__MATERIAL FOR THIS TASK__
····················
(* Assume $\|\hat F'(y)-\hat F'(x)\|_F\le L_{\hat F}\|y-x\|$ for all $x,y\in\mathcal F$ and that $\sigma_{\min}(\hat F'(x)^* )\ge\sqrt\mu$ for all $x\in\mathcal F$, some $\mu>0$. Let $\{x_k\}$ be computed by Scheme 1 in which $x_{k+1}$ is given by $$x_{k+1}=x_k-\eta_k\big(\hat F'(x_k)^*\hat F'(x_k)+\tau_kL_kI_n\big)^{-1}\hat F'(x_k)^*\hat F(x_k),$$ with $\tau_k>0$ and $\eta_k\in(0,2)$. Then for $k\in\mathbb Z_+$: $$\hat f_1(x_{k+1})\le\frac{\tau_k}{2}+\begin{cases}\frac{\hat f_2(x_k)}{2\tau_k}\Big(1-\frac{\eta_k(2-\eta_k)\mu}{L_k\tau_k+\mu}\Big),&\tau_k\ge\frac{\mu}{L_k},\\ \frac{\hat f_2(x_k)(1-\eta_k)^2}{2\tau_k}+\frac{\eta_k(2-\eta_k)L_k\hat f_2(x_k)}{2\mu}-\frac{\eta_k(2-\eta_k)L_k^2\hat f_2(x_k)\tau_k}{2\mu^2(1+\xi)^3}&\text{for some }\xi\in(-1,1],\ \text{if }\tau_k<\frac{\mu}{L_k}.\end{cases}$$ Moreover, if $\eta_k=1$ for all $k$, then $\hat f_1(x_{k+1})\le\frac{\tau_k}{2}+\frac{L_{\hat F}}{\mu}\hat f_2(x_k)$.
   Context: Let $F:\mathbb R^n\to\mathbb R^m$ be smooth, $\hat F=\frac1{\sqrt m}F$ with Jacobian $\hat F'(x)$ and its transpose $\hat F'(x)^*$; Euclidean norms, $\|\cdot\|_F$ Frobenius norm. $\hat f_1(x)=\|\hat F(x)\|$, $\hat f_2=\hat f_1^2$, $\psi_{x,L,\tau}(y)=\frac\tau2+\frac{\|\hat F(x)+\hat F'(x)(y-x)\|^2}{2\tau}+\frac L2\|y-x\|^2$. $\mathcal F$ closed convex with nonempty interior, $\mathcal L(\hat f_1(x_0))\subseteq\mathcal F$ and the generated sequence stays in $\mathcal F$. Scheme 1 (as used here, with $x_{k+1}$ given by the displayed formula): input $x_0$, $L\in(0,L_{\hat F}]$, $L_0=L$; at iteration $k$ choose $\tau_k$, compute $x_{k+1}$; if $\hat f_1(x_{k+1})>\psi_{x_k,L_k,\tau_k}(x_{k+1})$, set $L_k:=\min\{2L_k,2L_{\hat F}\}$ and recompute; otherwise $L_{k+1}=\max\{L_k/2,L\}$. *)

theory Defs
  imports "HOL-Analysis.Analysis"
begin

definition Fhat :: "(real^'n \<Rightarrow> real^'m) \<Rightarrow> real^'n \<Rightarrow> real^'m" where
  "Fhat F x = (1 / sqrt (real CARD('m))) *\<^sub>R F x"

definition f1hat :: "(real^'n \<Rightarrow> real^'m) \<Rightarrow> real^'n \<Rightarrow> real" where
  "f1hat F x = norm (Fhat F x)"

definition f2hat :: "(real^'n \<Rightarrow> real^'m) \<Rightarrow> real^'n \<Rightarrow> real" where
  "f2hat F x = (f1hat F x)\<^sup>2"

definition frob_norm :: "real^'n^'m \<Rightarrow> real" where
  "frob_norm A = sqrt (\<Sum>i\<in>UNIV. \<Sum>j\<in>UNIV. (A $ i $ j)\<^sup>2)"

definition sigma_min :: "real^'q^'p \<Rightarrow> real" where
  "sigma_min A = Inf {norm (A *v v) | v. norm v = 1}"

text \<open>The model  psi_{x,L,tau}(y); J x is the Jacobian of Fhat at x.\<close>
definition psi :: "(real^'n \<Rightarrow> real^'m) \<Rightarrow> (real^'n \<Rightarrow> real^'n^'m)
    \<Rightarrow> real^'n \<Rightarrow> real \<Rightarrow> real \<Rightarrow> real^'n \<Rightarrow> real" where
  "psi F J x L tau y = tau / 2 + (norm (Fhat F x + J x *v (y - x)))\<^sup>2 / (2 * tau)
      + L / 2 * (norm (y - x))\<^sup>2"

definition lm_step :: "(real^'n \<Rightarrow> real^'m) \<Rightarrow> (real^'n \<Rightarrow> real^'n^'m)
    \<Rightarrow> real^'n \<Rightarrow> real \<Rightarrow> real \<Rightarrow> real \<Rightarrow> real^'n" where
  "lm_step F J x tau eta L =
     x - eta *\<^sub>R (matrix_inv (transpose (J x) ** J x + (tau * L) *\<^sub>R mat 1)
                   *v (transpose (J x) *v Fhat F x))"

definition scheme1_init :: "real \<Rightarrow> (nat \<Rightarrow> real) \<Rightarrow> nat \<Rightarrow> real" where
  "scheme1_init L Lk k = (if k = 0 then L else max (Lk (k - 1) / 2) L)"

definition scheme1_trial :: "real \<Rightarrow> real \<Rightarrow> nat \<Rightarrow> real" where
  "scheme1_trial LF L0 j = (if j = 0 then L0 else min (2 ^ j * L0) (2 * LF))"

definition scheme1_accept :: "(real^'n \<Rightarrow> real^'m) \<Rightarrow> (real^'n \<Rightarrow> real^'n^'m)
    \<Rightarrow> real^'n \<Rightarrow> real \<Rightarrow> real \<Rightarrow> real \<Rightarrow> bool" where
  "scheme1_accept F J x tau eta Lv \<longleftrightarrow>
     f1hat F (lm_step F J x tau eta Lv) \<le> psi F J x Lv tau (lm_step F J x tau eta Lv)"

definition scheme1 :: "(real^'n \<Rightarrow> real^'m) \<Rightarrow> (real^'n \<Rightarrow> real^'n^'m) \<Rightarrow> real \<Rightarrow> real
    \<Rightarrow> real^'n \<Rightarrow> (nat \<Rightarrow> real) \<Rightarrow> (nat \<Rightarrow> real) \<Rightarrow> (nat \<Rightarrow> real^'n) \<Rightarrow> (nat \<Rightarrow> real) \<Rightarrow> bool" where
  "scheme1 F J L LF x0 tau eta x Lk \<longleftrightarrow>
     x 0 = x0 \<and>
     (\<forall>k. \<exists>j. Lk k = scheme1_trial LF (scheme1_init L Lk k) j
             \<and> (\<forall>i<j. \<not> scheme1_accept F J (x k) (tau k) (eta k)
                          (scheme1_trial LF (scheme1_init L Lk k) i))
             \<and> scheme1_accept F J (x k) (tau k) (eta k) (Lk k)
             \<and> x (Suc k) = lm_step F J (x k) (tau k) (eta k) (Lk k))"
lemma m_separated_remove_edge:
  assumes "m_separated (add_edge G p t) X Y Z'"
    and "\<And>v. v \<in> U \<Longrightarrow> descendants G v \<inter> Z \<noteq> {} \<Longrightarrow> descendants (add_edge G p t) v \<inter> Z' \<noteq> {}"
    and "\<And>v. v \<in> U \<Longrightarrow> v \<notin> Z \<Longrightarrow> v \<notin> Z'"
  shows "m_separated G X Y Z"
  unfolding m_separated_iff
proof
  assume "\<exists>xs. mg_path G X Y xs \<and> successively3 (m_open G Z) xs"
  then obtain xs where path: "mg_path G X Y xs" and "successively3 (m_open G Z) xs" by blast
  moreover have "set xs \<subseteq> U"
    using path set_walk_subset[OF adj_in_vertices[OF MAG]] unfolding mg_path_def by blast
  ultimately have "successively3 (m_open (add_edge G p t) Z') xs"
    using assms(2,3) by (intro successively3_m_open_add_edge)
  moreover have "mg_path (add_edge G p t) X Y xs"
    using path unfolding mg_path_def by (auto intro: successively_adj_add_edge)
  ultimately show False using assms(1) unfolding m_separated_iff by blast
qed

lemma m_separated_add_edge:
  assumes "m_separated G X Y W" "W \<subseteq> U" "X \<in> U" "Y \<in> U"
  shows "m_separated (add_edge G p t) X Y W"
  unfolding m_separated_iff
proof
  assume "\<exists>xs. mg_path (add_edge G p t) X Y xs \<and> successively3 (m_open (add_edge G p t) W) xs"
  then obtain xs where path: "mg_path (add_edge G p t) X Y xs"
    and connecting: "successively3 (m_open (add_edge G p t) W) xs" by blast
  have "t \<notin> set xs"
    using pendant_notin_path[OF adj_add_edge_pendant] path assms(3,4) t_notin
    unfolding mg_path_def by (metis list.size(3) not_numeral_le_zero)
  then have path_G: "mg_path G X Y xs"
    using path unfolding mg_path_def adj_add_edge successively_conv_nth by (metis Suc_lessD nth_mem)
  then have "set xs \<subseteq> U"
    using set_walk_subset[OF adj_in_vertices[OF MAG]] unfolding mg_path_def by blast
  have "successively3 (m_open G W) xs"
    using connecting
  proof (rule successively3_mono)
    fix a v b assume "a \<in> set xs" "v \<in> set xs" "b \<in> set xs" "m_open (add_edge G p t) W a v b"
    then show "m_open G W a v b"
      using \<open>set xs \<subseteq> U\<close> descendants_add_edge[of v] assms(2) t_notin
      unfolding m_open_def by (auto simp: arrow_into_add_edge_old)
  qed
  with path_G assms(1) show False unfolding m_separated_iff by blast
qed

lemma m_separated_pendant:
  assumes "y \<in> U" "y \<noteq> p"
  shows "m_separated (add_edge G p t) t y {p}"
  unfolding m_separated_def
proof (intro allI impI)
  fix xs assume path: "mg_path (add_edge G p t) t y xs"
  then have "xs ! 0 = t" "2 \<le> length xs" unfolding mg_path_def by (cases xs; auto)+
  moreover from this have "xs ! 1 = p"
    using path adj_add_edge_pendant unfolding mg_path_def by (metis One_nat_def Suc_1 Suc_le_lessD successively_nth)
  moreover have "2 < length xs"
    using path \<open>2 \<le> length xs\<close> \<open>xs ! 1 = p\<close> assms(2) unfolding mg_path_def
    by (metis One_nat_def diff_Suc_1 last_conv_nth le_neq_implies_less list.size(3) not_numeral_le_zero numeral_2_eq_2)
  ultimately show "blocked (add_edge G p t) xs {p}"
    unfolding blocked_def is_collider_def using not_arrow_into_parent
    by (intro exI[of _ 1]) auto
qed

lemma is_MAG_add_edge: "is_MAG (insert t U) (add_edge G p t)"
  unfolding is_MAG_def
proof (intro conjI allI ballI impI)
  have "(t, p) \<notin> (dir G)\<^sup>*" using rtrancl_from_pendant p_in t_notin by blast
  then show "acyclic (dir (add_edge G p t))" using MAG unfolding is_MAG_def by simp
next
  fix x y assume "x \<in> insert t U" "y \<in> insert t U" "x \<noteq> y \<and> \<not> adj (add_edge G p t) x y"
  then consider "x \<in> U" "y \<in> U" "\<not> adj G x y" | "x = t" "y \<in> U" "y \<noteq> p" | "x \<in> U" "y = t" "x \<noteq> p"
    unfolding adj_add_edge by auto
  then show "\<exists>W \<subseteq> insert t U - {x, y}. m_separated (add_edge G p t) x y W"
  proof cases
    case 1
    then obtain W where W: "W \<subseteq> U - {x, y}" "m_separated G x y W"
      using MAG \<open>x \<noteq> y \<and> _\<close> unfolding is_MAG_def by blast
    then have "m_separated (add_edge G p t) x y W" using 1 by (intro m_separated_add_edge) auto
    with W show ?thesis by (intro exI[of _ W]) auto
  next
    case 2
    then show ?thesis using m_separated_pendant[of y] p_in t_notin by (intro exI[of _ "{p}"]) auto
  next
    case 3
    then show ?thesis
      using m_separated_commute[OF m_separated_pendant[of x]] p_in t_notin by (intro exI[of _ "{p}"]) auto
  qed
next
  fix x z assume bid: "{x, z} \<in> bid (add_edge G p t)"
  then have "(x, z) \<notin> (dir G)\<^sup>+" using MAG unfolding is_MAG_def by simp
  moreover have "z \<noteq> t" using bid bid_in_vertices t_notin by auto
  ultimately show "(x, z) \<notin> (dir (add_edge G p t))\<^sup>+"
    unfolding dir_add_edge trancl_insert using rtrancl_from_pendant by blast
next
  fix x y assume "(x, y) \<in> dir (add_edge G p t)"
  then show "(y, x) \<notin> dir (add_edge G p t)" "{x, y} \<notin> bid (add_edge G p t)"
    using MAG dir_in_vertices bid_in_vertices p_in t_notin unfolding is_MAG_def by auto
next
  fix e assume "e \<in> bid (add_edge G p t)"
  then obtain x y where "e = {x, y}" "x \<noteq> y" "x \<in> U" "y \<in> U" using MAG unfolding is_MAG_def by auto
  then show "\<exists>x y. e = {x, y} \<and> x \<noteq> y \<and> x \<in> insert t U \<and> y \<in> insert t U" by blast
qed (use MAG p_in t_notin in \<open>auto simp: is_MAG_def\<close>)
····················
__PROBLEM TO WORK ON__
Select and copy every line of the material that holds the string "blast".

__EXERCISE ANSWER__
  then obtain xs where path: "mg_path G X Y xs" and "successively3 (m_open G Z) xs" by blast
    using path set_walk_subset[OF adj_in_vertices[OF MAG]] unfolding mg_path_def by blast
  ultimately show False using assms(1) unfolding m_separated_iff by blast
    and connecting: "successively3 (m_open (add_edge G p t) W) xs" by blast
    using set_walk_subset[OF adj_in_vertices[OF MAG]] unfolding mg_path_def by blast
  with path_G assms(1) show False unfolding m_separated_iff by blast
  have "(t, p) \<notin> (dir G)\<^sup>*" using rtrancl_from_pendant p_in t_notin by blast
      using MAG \<open>x \<noteq> y \<and> _\<close> unfolding is_MAG_def by blast
    unfolding dir_add_edge trancl_insert using rtrancl_from_pendant by blast
  then show "\<exists>x y. e = {x, y} \<and> x \<noteq> y \<and> x \<in> insert t U \<and> y \<in> insert t U" by blast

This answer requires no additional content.